Archaeocyaths
The
Archaeocyaths are an extinct group of sponges that have a controversial history.
Discoveries in the 1960s and 1970s caused re-examination of sponge phylogeny generally,
and comparisons between archaeocyaths and sponges in particular. The result was
the abandonment of the Phylum Archaeocyatha. Present consensus is that archaeocyaths
represent both a clade and a grade--Class Archaeocyatha and the archaeocyathan
morphological grade--within Phylum Porifera. The first archaeocyaths appear roughly
530 million years ago, during the Lower Cambrian and were very important members
of Lower Cambrian environments. They diversified into hundreds of species during
this time period and some of these species contributed greatly to the creation
of the reef systems that supported a wide variety of organisms. Despite their
great success in terms of numbers, the archaeocyaths were a short-lived group.

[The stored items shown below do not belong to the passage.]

(* Let $X$ be a Polish topological vector space over $\mathbb K\in\{\mathbb R,\mathbb C\}$, let $T$ be a continuous linear operator on $X$, and let $a,b\in\mathbb K$. Assume that $aT$ and $bT$ each admit an invariant Borel probability measure different from $\delta_0$. Then $aT$ and $bT$ are orthogonal if and only if $|a|\neq|b|$. More precisely: if $|a|\ne|b|$ then $aT$ and $bT$ are orthogonal, and if $|a|=|b|$ then there is a Borel probability measure different from $\delta_0$ which is invariant under both $aT$ and $bT$.
   Context: Two continuous linear operators $T_1,T_2$ on $X$ are called orthogonal if whenever $m_1$ is a $T_1$-invariant Borel probability measure and $m_2$ is a $T_2$-invariant Borel probability measure with $m_1(\{0\})=0=m_2(\{0\})$, the measures $m_1$ and $m_2$ are mutually singular. A measure $m$ is $T$-invariant if $m(T^{-1}(A))=m(A)$ for all Borel $A$. *)

theory Defs
  imports "HOL-Analysis.Analysis" "HOL-Probability.Probability"
begin

text \<open>A Polish topological vector space over the scalar field 'k (real or complex,
  or any real normed field; by Gelfand-Mazur these are R and C up to isomorphism).\<close>
definition polish_tvs :: "('k::real_normed_field \<Rightarrow> 'a::{ab_group_add,polish_space} \<Rightarrow> 'a) \<Rightarrow> bool" where
  "polish_tvs smult_op \<longleftrightarrow>
     vector_space smult_op \<and>
     continuous_on UNIV (\<lambda>p::'a \<times> 'a. fst p + snd p) \<and>
     continuous_on UNIV (\<lambda>p::'k \<times> 'a. smult_op (fst p) (snd p))"

definition borel_prob :: "'a::topological_space measure \<Rightarrow> bool" where
  "borel_prob m \<longleftrightarrow> prob_space m \<and> sets m = sets borel"

definition invariant_measure :: "('a::topological_space \<Rightarrow> 'a) \<Rightarrow> 'a measure \<Rightarrow> bool" where
  "invariant_measure T m \<longleftrightarrow> (\<forall>A\<in>sets borel. emeasure m (T -` A) = emeasure m A)"

definition mutually_singular :: "'a::topological_space measure \<Rightarrow> 'a measure \<Rightarrow> bool" where
  "mutually_singular m1 m2 \<longleftrightarrow>
     (\<exists>A\<in>sets borel. emeasure m1 A = 0 \<and> emeasure m2 (UNIV - A) = 0)"

definition orthogonal_ops :: "('a::{topological_space,zero} \<Rightarrow> 'a) \<Rightarrow> ('a \<Rightarrow> 'a) \<Rightarrow> bool" where
  "orthogonal_ops T1 T2 \<longleftrightarrow>
     (\<forall>m1 m2. borel_prob m1 \<and> invariant_measure T1 m1 \<and>
              borel_prob m2 \<and> invariant_measure T2 m2 \<and>
              emeasure m1 {0} = 0 \<and> emeasure m2 {0} = 0
              \<longrightarrow> mutually_singular m1 m2)"

end

theory Submission
  imports Defs "HOL-Computational_Algebra.Fundamental_Theorem_Algebra"
begin

text \<open>If \<open>|a| < |b|\<close>, then \<open>(aT)\<^sup>N x\<close> and \<open>(bT)\<^sup>N x\<close> differ by the factor \<open>(a/b)\<^sup>N \<rightarrow> 0\<close>.
  Take compact sets carrying almost all of \<open>m\<^sub>1\<close> (away from \<open>0\<close>) and of \<open>m\<^sub>2\<close>: for large \<open>N\<close> their
  preimages under \<open>(aT)\<^sup>N\<close> and \<open>(bT)\<^sup>N\<close> are disjoint and, by invariance, still carry almost all of
  the respective measure; Borel--Cantelli turns these approximate separations into mutual
  singularity. If \<open>|a| = |b|\<close>, then \<open>bT = u \<cdot> aT\<close> with \<open>|u| = 1\<close>, and averaging an \<open>aT\<close>-invariant
  measure that does not charge \<open>0\<close> over all rotations \<open>x \<mapsto> cis \<theta> \<cdot> x\<close> gives a measure
  invariant under both \<open>aT\<close> and \<open>bT\<close>. Since the scalar field is only assumed to be a real normed field, the
  rotations are built from a square root of \<open>-1\<close> found by a Kametani-style Gelfand--Mazur
  argument: every element is a root of a real quadratic.\<close>

section \<open>Every element of a real normed field is quadratic over \<open>\<real>\<close>\<close>

lemma prod_sub_roots_of_unity:
  fixes s :: complex
  assumes n: "n > 0"
  shows "(\<Prod>k<n. s - cis (2 * pi * real k / real n)) = s ^ n - 1"
proof -
  define p :: "complex poly" where "p = [:-1:] + monom 1 n"
  have poly_p: "poly p a = a ^ n - 1" for a
    by (simp add: p_def poly_monom)
  have "rsquarefree p"
    unfolding rsquarefree_roots
  proof (intro allI notI)
    fix a assume "poly p a = 0 \<and> poly (pderiv p) a = 0"
    moreover from this have "a = 0"
      using n by (simp add: p_def pderiv_add pderiv_monom poly_monom)
    ultimately show False using n by (simp add: poly_p power_0_left)
  qed
  moreover have "lead_coeff p = 1"
    unfolding p_def using n by (subst lead_coeff_add_le) (simp_all add: degree_monom_eq)
  ultimately have p: "p = (\<Prod>z | poly p z = 0. [:- z, 1:])"
    using complex_poly_decompose_rsquarefree[of p] by simp
  have "s ^ n - 1 = poly (\<Prod>z | poly p z = 0. [:- z, 1:]) s"
    unfolding p[symmetric] by (simp add: poly_p)
  also have "\<dots> = (\<Prod>z | z ^ n = 1. s - z)"
    by (simp add: poly_prod poly_p)
  also have "\<dots> = (\<Prod>k<n. s - cis (2 * pi * real k / real n))"
    by (rule prod.reindex_bij_betw[OF Complex.bij_betw_roots_unity[OF n], symmetric])
  finally show ?thesis by simp
qed

lemma prod_sub_roots_of_unity_scaled:
  fixes t w :: complex
  assumes n: "n > 0"
  shows "(\<Prod>k<n. t - cis (2 * pi * real k / real n) * w) = t ^ n - w ^ n"
proof (cases "w = 0")
  case True
  then show ?thesis using n by (simp add: power_0_left)
next
  case False
  have "(\<Prod>k<n. t - cis (2 * pi * real k / real n) * w) =
      (\<Prod>k<n. w * (t / w - cis (2 * pi * real k / real n)))"
    using False by (intro prod.cong) (auto simp: field_simps)
  also have "\<dots> = w ^ n * ((t / w) ^ n - 1)"
    by (simp add: prod.distrib prod_sub_roots_of_unity[OF n])
  also have "\<dots> = t ^ n - w ^ n"
    using False by (simp add: field_simps)
  finally show ?thesis .
qed

lemma map_poly_of_real_add:
  "map_poly (of_real :: real \<Rightarrow> 'a::{comm_ring_1,real_algebra_1}) (p + q) =
     map_poly of_real p + map_poly of_real q"
  by (intro poly_eqI) (simp add: coeff_map_poly)

lemma map_poly_of_real_diff:
  "map_poly (of_real :: real \<Rightarrow> 'a::{comm_ring_1,real_algebra_1}) (p - q) =
     map_poly of_real p - map_poly of_real q"
  by (intro poly_eqI) (simp add: coeff_map_poly)

lemma map_poly_of_real_mult:
  "map_poly (of_real :: real \<Rightarrow> 'a::{comm_ring_1,real_algebra_1}) (p * q) =
     map_poly of_real p * map_poly of_real q"
  by (intro poly_eqI) (simp add: coeff_map_poly coeff_mult)

lemma map_poly_of_real_power:
  "map_poly (of_real :: real \<Rightarrow> 'a::{comm_ring_1,real_algebra_1}) (p ^ n) = map_poly of_real p ^ n"
  by (induction n) (simp_all add: map_poly_of_real_mult)

lemma map_poly_of_real_prod:
  "map_poly (of_real :: real \<Rightarrow> 'a::{comm_ring_1,real_algebra_1}) (\<Prod>i\<in>A. f i) =
     (\<Prod>i\<in>A. map_poly of_real (f i))"
  by (induction A rule: infinite_finite_induct) (simp_all add: map_poly_of_real_mult)

lemma map_poly_of_real_sum:
  "map_poly (of_real :: real \<Rightarrow> 'a::{comm_ring_1,real_algebra_1}) (\<Sum>i\<in>A. f i) =
     (\<Sum>i\<in>A. map_poly of_real (f i))"
  by (induction A rule: infinite_finite_induct) (simp_all add: map_poly_of_real_add)
(* Let $m,n\ge2$ be integers with $(m-1)(n-1)$ even. Then the rectangular grid graph $\mathcal R_{(m-1)\times(n-1)}$ (with either proper black/white coloring) satisfies \[|\mathcal{C}_B(\mathcal R_{(m-1)\times(n-1)})|=2^{(\gcd(m,n)-1)/2}.\]
   Context: $\mathcal R_{a\times b}$ is the graph with vertex set $\{1,\dots,b\}\times\{1,\dots,a\}\subset\mathbf{Z}^2$ and edges between vertices at Euclidean distance $1$. A channel of a graph is a vertex set $C$ such that every vertex is adjacent to an even number of vertices of $C$ (the empty set included). For a bipartite graph with black/white coloring, $\mathcal{C}_B$ denotes the set of channels consisting only of black vertices. *)

theory Defs
  imports Main
begin

definition grid_vertices :: "nat \<Rightarrow> nat \<Rightarrow> (int \<times> int) set" where
  "grid_vertices a b = {1..int b} \<times> {1..int a}"

definition grid_adj :: "int \<times> int \<Rightarrow> int \<times> int \<Rightarrow> bool" where
  "grid_adj p q \<longleftrightarrow> (fst p - fst q)^2 + (snd p - snd q)^2 = 1"

definition is_channel :: "'v set \<Rightarrow> ('v \<Rightarrow> 'v \<Rightarrow> bool) \<Rightarrow> 'v set \<Rightarrow> bool" where
  "is_channel V adj C \<longleftrightarrow> C \<subseteq> V \<and> (\<forall>v\<in>V. even (card {u\<in>C. adj v u}))"

definition grid_color_class :: "nat \<Rightarrow> nat \<Rightarrow> int \<Rightarrow> (int \<times> int) set" where
  "grid_color_class a b c = {p \<in> grid_vertices a b. (fst p + snd p) mod 2 = c}"
lemma wpa_runs_subset_lists:
  "{r. wpa_run A r \<and> blks_size r \<le> n} \<subseteq> {r. set r \<subseteq> {b. wpa_block_ok A
      b \<and> blk_size b \<le> n} \<and> length r \<le> n}"
proof clarify
  fix r assume r: "wpa_run A r" "blks_size r \<le> n"
  have "wpa_block_ok A b \<and> blk_size b \<le> n" if "b \<in> set r" for b
    using wpa_run_imp_shape[OF r(1)] le_trans[OF blk_size_le_blks_size[OF that] r(2)] that
    by (simp add: wpa_run_shape_def)
  moreover have "length r \<le> n" using le_trans[OF length_le_blks_size r(2)] .
  ultimately show "set r \<subseteq> {b. wpa_block_ok A b \<and> blk_size b \<le> n} \<and> length
      r \<le> n" by blast
qed

lemma finite_ok_blocks:
  fixes A :: "('d::finite, 'k) wpa"
  assumes "finite (pa_H A \<union> pa_V A)" and "finite (pa_Om A)"
  shows "finite {b. wpa_block_ok A b \<and> blk_size b \<le> n}"
proof (induction n)
  case 0
  have "blk_size b \<noteq> 0" for b :: "'d blk" using blk_size_pos[of b] by simp
  then have "{b. wpa_block_ok A b \<and> blk_size b \<le> 0} = {}" by (auto simp del: neq0_conv)
  then show ?case by (simp only: finite.emptyI)
next
  case (Suc m)
  let ?S = "pa_H A \<union> pa_V A"
  have "finite {r. wpa_run A r \<and> blks_size r \<le> m}"
    using wpa_runs_subset_lists finite_lists_length_le[OF Suc.IH] by (rule finite_subset)
  then have "finite ((\<lambda>(q1, a, q2). Atm q1 a q2) ` (?S \<times> (UNIV :: 'd set) \<times> ?S)
      \<union> (\<lambda>(q1, s, r, q2). Brk q1 s r q2) ` (?S \<times> pa_Om A \<times> {r. wpa_run
          A r \<and> blks_size r \<le> m} \<times> ?S))"
    using assms by simp
  moreover have "{b. wpa_block_ok A b \<and> blk_size b \<le> Suc m} \<subseteq>
      (\<lambda>(q1, a, q2). Atm q1 a q2) ` (?S \<times> UNIV \<times> ?S)
      \<union> (\<lambda>(q1, s, r, q2). Brk q1 s r q2) ` (?S \<times> pa_Om A \<times> {r. wpa_run
          A r \<and> blks_size r \<le> m} \<times> ?S)"
  proof
    fix b assume "b \<in> {b. wpa_block_ok A b \<and> blk_size b \<le> Suc m}"
    then have b: "wpa_block_ok A b" by simp
    show "b \<in> (\<lambda>(q1, a, q2). Atm q1 a q2) ` (?S \<times> UNIV \<times> ?S)
      \<union> (\<lambda>(q1, s, r, q2). Brk q1 s r q2) ` (?S \<times> pa_Om A \<times> {r. wpa_run
          A r \<and> blks_size r \<le> m} \<times> ?S)"
    proof (cases b)
      case (Atm q1 a q2)
      then have "q1 \<in> ?S" "q2 \<in> ?S" using b by (auto simp: wpa_block_ok_def)
      then show ?thesis using Atm by (intro UnI1 rev_image_eqI[of "(q1, a, q2)"]) auto
    next
      case (Brk q1 s r q2)
      then have "q1 \<in> ?S" "q2 \<in> ?S" "s \<in> pa_Om A" "wpa_run A r" "blks_size r \<le> m"
        using b \<open>b \<in> _\<close> by (auto simp: wpa_block_ok_def)
      then show ?thesis using Brk by (intro UnI2 rev_image_eqI[of "(q1, s, r, q2)"]) auto
    qed
  qed
  ultimately show ?case by (rule finite_subset[rotated])
qed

They were almost completely non-existent by the middle Cambrian, some 10 to 15
million years after their first appearance.
Phylum
Chordata
Phylum
Chordata comprises those animals most often occupying the top of the food chain,
including the fishes, reptiles(included the extinct dinosaurs), reptiles, birds
and mammals (including humans). The Chordates primary common feature is a notochord,
a rod that extending most of the length of the organism. Lying dorsal to the gut
but ventral to the central nervous system, it stiffens the body and acts as support
during locomotion. More specifically, the notochordat should be present at least
during some part of the organisms development. Other common morphologies include
bilateral symmetry, segmented body, a well-developed coelom, a single, dorsal,
hollow nerve cord, usually with an enlarged anterior end (i.e., brain), a tail
projecting beyond (posterior to) the anus at some stage of development, ventral
heart, with dorsal and ventral blood vessels and a closed blood system, a complete
digestive system, and usually, a bony or cartilaginous endoskeleton.
Metazoa
The
first multi-celled animals (metazoa) evolved over 600 million years ago
and can be grouped into three categories: sponge-like animals, cnidarians, and
worms. The sponges, and cnidarians (corals and sea anemones), are the most primitive
with about 11 specialized cell types. Worms and higher metazoa have approximately
55 specialized cells.
1)
Sponges are simple multi-celled animals. In general, sponges have open-topped,
sack-like bodies which are fixed to the sea floor. Water is pulled through the
body, and food is filtered out.
2) Cnidarians comprise corals, sea anemones, and jellyfish.Their body plan
resembles a sack with an end that functions as a mouth that can be opened and
closed with tentacles that can be extended to move food to the mouth.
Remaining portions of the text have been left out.